(Data provided)

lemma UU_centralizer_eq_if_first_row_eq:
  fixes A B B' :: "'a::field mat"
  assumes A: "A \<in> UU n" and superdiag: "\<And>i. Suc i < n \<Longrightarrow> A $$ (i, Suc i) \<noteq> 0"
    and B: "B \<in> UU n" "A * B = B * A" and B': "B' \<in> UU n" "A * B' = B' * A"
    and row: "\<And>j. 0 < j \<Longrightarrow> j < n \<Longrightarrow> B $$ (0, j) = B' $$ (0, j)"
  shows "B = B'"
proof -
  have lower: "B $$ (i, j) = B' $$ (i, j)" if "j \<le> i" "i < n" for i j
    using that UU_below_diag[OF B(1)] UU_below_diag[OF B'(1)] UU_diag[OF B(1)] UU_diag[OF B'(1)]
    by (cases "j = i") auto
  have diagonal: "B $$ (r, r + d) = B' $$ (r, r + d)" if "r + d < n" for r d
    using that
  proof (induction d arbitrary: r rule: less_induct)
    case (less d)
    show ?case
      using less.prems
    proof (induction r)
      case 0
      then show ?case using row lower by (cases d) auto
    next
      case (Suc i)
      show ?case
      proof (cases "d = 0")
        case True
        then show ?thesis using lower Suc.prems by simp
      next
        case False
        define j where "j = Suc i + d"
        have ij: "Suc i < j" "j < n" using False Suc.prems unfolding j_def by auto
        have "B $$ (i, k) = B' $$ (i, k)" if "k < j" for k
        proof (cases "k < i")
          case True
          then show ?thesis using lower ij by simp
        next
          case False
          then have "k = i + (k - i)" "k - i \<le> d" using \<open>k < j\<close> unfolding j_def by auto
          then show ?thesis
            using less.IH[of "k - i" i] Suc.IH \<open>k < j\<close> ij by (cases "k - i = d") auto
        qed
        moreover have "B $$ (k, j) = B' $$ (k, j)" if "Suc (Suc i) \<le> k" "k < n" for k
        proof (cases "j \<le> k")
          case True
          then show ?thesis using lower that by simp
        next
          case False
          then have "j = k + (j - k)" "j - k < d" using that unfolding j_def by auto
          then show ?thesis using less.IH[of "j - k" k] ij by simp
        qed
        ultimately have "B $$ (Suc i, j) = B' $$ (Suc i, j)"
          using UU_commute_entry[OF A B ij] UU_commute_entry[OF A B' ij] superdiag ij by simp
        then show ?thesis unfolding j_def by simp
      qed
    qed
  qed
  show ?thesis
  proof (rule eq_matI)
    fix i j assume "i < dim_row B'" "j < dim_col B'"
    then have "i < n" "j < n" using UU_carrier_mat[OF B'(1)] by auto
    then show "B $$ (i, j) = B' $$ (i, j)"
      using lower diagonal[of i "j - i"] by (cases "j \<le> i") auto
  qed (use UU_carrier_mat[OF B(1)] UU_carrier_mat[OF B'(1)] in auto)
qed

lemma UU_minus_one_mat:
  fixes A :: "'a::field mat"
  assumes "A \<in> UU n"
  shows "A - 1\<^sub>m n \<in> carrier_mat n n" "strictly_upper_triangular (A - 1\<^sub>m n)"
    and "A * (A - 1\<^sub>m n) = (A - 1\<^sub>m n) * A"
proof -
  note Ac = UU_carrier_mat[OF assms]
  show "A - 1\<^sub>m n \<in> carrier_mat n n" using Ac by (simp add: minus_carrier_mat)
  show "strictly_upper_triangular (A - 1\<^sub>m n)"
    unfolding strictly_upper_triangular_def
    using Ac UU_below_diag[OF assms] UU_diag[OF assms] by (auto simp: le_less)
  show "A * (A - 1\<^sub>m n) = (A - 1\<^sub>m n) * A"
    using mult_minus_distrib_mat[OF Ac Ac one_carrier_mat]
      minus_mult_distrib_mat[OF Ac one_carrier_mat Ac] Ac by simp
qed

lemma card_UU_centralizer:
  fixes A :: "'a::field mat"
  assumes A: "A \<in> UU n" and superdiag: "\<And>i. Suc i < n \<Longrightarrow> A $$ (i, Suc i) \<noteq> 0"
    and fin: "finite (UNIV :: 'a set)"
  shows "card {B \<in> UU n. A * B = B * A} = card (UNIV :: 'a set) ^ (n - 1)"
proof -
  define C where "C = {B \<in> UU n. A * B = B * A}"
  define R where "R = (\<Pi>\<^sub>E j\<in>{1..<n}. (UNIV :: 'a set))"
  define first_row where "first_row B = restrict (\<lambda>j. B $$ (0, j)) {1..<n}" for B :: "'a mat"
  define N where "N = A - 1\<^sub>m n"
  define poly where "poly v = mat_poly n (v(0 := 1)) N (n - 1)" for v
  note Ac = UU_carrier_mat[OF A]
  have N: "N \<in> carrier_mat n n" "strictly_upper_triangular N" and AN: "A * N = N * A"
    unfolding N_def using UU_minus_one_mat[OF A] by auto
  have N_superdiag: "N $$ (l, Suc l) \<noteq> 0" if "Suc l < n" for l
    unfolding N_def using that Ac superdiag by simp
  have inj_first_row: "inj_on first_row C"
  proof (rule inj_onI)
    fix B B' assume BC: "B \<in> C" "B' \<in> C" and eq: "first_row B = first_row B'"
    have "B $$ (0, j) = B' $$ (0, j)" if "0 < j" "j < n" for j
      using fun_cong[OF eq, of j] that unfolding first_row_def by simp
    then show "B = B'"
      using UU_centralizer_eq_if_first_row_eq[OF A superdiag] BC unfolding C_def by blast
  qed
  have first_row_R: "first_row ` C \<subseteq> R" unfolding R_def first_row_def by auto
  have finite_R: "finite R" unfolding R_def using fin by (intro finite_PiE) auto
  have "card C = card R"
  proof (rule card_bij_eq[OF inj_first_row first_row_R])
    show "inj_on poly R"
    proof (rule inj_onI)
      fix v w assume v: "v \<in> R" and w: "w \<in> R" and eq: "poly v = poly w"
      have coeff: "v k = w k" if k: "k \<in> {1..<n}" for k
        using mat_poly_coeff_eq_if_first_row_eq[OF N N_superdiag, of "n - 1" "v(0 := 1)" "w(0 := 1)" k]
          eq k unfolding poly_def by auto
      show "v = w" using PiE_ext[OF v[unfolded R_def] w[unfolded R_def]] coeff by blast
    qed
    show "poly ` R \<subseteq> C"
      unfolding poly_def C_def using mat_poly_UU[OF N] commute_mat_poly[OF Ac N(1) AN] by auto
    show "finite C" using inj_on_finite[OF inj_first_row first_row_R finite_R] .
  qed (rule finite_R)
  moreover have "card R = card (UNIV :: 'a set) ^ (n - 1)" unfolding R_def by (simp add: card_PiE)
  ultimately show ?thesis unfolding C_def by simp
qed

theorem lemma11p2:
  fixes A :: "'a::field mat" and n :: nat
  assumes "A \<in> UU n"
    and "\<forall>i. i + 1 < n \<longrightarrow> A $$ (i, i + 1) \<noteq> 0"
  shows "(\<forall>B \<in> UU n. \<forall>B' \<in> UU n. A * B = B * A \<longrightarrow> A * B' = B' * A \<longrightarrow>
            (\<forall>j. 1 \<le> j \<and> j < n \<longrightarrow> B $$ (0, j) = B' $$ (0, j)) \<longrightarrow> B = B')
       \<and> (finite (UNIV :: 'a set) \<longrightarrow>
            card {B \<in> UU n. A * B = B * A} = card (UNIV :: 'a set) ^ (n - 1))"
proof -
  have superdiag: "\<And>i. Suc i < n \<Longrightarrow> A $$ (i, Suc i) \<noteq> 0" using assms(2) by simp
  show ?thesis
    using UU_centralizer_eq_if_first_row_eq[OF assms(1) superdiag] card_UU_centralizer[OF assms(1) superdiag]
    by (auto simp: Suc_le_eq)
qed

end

(End Data provided)

#### Problem requirements:
Lines from the top of the entries above to the line that contains "Suc.prems unfolding j_def by auto" should be set down exactly, please, with both ends kept and nothing added.

#### Exercise solution:
lemma UU_centralizer_eq_if_first_row_eq:
  fixes A B B' :: "'a::field mat"
  assumes A: "A \<in> UU n" and superdiag: "\<And>i. Suc i < n \<Longrightarrow> A $$ (i, Suc i) \<noteq> 0"
    and B: "B \<in> UU n" "A * B = B * A" and B': "B' \<in> UU n" "A * B' = B' * A"
    and row: "\<And>j. 0 < j \<Longrightarrow> j < n \<Longrightarrow> B $$ (0, j) = B' $$ (0, j)"
  shows "B = B'"
proof -
  have lower: "B $$ (i, j) = B' $$ (i, j)" if "j \<le> i" "i < n" for i j
    using that UU_below_diag[OF B(1)] UU_below_diag[OF B'(1)] UU_diag[OF B(1)] UU_diag[OF B'(1)]
    by (cases "j = i") auto
  have diagonal: "B $$ (r, r + d) = B' $$ (r, r + d)" if "r + d < n" for r d
    using that
  proof (induction d arbitrary: r rule: less_induct)
    case (less d)
    show ?case
      using less.prems
    proof (induction r)
      case 0
      then show ?case using row lower by (cases d) auto
    next
      case (Suc i)
      show ?case
      proof (cases "d = 0")
        case True
        then show ?thesis using lower Suc.prems by simp
      next
        case False
        define j where "j = Suc i + d"
        have ij: "Suc i < j" "j < n" using False Suc.prems unfolding j_def by auto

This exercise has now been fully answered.